## [Work instructions]
Would you retype every record below exactly as written?

= Beginning of Section =

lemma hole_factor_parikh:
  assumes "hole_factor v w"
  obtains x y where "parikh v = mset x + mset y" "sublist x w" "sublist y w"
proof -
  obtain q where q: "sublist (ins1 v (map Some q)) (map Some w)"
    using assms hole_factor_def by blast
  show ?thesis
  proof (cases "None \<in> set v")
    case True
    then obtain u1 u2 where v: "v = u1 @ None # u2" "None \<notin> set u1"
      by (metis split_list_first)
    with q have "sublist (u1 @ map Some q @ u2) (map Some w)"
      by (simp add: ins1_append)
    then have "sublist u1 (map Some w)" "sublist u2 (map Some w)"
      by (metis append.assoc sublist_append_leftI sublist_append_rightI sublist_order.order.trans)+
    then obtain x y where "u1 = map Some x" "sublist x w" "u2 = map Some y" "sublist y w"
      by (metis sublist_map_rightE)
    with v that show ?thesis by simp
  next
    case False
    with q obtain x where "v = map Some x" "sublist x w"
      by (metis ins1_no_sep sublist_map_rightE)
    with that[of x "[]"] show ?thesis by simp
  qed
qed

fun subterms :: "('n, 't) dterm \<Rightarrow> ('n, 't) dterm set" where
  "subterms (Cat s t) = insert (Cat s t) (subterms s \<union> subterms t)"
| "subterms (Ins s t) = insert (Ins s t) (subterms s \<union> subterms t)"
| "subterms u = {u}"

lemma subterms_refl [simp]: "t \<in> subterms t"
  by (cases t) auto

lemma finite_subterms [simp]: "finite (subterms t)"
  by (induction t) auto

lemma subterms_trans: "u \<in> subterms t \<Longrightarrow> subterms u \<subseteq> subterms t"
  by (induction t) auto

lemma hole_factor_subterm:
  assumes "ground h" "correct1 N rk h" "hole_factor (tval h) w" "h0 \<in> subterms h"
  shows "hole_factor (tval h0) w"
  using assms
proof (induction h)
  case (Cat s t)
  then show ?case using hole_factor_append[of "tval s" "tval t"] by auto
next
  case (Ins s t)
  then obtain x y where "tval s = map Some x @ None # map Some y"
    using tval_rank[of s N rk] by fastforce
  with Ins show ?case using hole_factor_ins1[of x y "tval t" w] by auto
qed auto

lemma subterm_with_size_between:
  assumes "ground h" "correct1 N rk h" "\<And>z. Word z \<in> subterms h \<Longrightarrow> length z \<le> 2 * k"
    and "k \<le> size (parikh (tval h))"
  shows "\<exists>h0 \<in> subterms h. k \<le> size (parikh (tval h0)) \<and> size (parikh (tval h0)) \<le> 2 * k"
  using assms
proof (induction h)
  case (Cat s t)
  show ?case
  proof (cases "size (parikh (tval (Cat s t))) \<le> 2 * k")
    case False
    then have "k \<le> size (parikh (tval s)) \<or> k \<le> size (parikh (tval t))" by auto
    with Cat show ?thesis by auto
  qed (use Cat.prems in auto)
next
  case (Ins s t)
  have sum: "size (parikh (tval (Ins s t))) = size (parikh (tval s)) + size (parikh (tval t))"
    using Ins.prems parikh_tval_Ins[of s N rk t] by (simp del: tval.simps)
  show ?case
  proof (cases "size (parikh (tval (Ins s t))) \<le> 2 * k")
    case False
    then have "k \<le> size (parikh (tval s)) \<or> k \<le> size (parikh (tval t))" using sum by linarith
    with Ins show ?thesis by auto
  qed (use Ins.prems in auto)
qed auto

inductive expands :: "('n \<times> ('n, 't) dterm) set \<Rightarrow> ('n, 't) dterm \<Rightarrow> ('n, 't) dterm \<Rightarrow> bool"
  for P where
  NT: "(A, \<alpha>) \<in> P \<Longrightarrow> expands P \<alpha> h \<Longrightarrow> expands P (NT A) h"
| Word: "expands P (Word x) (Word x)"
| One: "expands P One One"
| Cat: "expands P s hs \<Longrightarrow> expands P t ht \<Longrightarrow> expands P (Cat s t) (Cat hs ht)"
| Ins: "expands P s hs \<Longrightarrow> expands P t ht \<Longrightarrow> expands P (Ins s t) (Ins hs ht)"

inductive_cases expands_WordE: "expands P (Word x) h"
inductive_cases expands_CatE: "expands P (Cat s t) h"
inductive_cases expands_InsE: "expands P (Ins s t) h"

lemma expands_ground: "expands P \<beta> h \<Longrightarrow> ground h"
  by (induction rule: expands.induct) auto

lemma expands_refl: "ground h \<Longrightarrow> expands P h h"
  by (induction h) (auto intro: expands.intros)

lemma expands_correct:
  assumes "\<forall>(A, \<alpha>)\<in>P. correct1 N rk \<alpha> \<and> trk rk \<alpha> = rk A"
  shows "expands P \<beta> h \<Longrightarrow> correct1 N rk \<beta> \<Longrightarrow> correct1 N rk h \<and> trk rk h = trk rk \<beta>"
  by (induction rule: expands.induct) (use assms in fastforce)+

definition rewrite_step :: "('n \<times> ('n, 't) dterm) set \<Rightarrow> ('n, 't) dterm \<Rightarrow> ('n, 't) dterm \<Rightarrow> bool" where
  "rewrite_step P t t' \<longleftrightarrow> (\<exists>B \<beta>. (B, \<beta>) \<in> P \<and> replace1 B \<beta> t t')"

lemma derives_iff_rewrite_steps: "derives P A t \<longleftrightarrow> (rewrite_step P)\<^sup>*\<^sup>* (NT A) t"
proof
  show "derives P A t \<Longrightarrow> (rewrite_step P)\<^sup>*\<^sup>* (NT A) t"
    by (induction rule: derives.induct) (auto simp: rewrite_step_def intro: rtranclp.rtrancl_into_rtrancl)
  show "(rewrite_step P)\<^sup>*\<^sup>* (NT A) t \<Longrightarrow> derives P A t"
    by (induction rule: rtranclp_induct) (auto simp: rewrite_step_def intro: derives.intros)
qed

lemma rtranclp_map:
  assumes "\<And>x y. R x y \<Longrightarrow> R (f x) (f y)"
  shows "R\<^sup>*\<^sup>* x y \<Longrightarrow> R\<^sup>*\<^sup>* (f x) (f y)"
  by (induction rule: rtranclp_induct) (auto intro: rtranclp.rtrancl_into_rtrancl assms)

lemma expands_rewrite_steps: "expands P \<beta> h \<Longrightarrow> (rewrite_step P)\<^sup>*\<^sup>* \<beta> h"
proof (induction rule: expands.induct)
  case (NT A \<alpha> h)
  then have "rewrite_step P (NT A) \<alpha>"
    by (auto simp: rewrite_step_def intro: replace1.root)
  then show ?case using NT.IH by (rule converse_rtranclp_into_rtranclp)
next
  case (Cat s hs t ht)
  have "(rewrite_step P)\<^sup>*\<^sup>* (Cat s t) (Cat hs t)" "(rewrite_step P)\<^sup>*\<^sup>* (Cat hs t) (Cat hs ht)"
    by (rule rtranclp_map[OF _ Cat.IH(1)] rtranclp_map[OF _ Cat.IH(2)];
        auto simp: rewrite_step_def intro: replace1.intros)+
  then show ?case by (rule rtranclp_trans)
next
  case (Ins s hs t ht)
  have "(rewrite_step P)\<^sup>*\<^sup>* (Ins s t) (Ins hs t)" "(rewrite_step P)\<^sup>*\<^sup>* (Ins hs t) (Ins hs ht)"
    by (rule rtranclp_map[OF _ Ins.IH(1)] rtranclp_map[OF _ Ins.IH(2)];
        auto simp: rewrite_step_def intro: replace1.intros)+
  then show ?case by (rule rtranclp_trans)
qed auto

= End of Section =

## [Solution to this exercise]
lemma hole_factor_parikh:
  assumes "hole_factor v w"
  obtains x y where "parikh v = mset x + mset y" "sublist x w" "sublist y w"
proof -
  obtain q where q: "sublist (ins1 v (map Some q)) (map Some w)"
    using assms hole_factor_def by blast
  show ?thesis
  proof (cases "None \<in> set v")
    case True
    then obtain u1 u2 where v: "v = u1 @ None # u2" "None \<notin> set u1"
      by (metis split_list_first)
    with q have "sublist (u1 @ map Some q @ u2) (map Some w)"
      by (simp add: ins1_append)
    then have "sublist u1 (map Some w)" "sublist u2 (map Some w)"
      by (metis append.assoc sublist_append_leftI sublist_append_rightI sublist_order.order.trans)+
    then obtain x y where "u1 = map Some x" "sublist x w" "u2 = map Some y" "sublist y w"
      by (metis sublist_map_rightE)
    with v that show ?thesis by simp
  next
    case False
    with q obtain x where "v = map Some x" "sublist x w"
      by (metis ins1_no_sep sublist_map_rightE)
    with that[of x "[]"] show ?thesis by simp
  qed
qed

fun subterms :: "('n, 't) dterm \<Rightarrow> ('n, 't) dterm set" where
  "subterms (Cat s t) = insert (Cat s t) (subterms s \<union> subterms t)"
| "subterms (Ins s t) = insert (Ins s t) (subterms s \<union> subterms t)"
| "subterms u = {u}"

lemma subterms_refl [simp]: "t \<in> subterms t"
  by (cases t) auto

lemma finite_subterms [simp]: "finite (subterms t)"
  by (induction t) auto

lemma subterms_trans: "u \<in> subterms t \<Longrightarrow> subterms u \<subseteq> subterms t"
  by (induction t) auto

lemma hole_factor_subterm:
  assumes "ground h" "correct1 N rk h" "hole_factor (tval h) w" "h0 \<in> subterms h"
  shows "hole_factor (tval h0) w"
  using assms
proof (induction h)
  case (Cat s t)
  then show ?case using hole_factor_append[of "tval s" "tval t"] by auto
next
  case (Ins s t)
  then obtain x y where "tval s = map Some x @ None # map Some y"
    using tval_rank[of s N rk] by fastforce
  with Ins show ?case using hole_factor_ins1[of x y "tval t" w] by auto
qed auto

lemma subterm_with_size_between:
  assumes "ground h" "correct1 N rk h" "\<And>z. Word z \<in> subterms h \<Longrightarrow> length z \<le> 2 * k"
    and "k \<le> size (parikh (tval h))"
  shows "\<exists>h0 \<in> subterms h. k \<le> size (parikh (tval h0)) \<and> size (parikh (tval h0)) \<le> 2 * k"
  using assms
proof (induction h)
  case (Cat s t)
  show ?case
  proof (cases "size (parikh (tval (Cat s t))) \<le> 2 * k")
    case False
    then have "k \<le> size (parikh (tval s)) \<or> k \<le> size (parikh (tval t))" by auto
    with Cat show ?thesis by auto
  qed (use Cat.prems in auto)
next
  case (Ins s t)
  have sum: "size (parikh (tval (Ins s t))) = size (parikh (tval s)) + size (parikh (tval t))"
    using Ins.prems parikh_tval_Ins[of s N rk t] by (simp del: tval.simps)
  show ?case
  proof (cases "size (parikh (tval (Ins s t))) \<le> 2 * k")
    case False
    then have "k \<le> size (parikh (tval s)) \<or> k \<le> size (parikh (tval t))" using sum by linarith
    with Ins show ?thesis by auto
  qed (use Ins.prems in auto)
qed auto

inductive expands :: "('n \<times> ('n, 't) dterm) set \<Rightarrow> ('n, 't) dterm \<Rightarrow> ('n, 't) dterm \<Rightarrow> bool"
  for P where
  NT: "(A, \<alpha>) \<in> P \<Longrightarrow> expands P \<alpha> h \<Longrightarrow> expands P (NT A) h"
| Word: "expands P (Word x) (Word x)"
| One: "expands P One One"
| Cat: "expands P s hs \<Longrightarrow> expands P t ht \<Longrightarrow> expands P (Cat s t) (Cat hs ht)"
| Ins: "expands P s hs \<Longrightarrow> expands P t ht \<Longrightarrow> expands P (Ins s t) (Ins hs ht)"

inductive_cases expands_WordE: "expands P (Word x) h"
inductive_cases expands_CatE: "expands P (Cat s t) h"
inductive_cases expands_InsE: "expands P (Ins s t) h"

lemma expands_ground: "expands P \<beta> h \<Longrightarrow> ground h"
  by (induction rule: expands.induct) auto

lemma expands_refl: "ground h \<Longrightarrow> expands P h h"
  by (induction h) (auto intro: expands.intros)

lemma expands_correct:
  assumes "\<forall>(A, \<alpha>)\<in>P. correct1 N rk \<alpha> \<and> trk rk \<alpha> = rk A"
  shows "expands P \<beta> h \<Longrightarrow> correct1 N rk \<beta> \<Longrightarrow> correct1 N rk h \<and> trk rk h = trk rk \<beta>"
  by (induction rule: expands.induct) (use assms in fastforce)+

definition rewrite_step :: "('n \<times> ('n, 't) dterm) set \<Rightarrow> ('n, 't) dterm \<Rightarrow> ('n, 't) dterm \<Rightarrow> bool" where
  "rewrite_step P t t' \<longleftrightarrow> (\<exists>B \<beta>. (B, \<beta>) \<in> P \<and> replace1 B \<beta> t t')"

lemma derives_iff_rewrite_steps: "derives P A t \<longleftrightarrow> (rewrite_step P)\<^sup>*\<^sup>* (NT A) t"
proof
  show "derives P A t \<Longrightarrow> (rewrite_step P)\<^sup>*\<^sup>* (NT A) t"
    by (induction rule: derives.induct) (auto simp: rewrite_step_def intro: rtranclp.rtrancl_into_rtrancl)
  show "(rewrite_step P)\<^sup>*\<^sup>* (NT A) t \<Longrightarrow> derives P A t"
    by (induction rule: rtranclp_induct) (auto simp: rewrite_step_def intro: derives.intros)
qed

lemma rtranclp_map:
  assumes "\<And>x y. R x y \<Longrightarrow> R (f x) (f y)"
  shows "R\<^sup>*\<^sup>* x y \<Longrightarrow> R\<^sup>*\<^sup>* (f x) (f y)"
  by (induction rule: rtranclp_induct) (auto intro: rtranclp.rtrancl_into_rtrancl assms)

lemma expands_rewrite_steps: "expands P \<beta> h \<Longrightarrow> (rewrite_step P)\<^sup>*\<^sup>* \<beta> h"
proof (induction rule: expands.induct)
  case (NT A \<alpha> h)
  then have "rewrite_step P (NT A) \<alpha>"
    by (auto simp: rewrite_step_def intro: replace1.root)
  then show ?case using NT.IH by (rule converse_rtranclp_into_rtranclp)
next
  case (Cat s hs t ht)
  have "(rewrite_step P)\<^sup>*\<^sup>* (Cat s t) (Cat hs t)" "(rewrite_step P)\<^sup>*\<^sup>* (Cat hs t) (Cat hs ht)"
    by (rule rtranclp_map[OF _ Cat.IH(1)] rtranclp_map[OF _ Cat.IH(2)];
        auto simp: rewrite_step_def intro: replace1.intros)+
  then show ?case by (rule rtranclp_trans)
next
  case (Ins s hs t ht)
  have "(rewrite_step P)\<^sup>*\<^sup>* (Ins s t) (Ins hs t)" "(rewrite_step P)\<^sup>*\<^sup>* (Ins hs t) (Ins hs ht)"
    by (rule rtranclp_map[OF _ Ins.IH(1)] rtranclp_map[OF _ Ins.IH(2)];
        auto simp: rewrite_step_def intro: replace1.intros)+
  then show ?case by (rule rtranclp_trans)
qed auto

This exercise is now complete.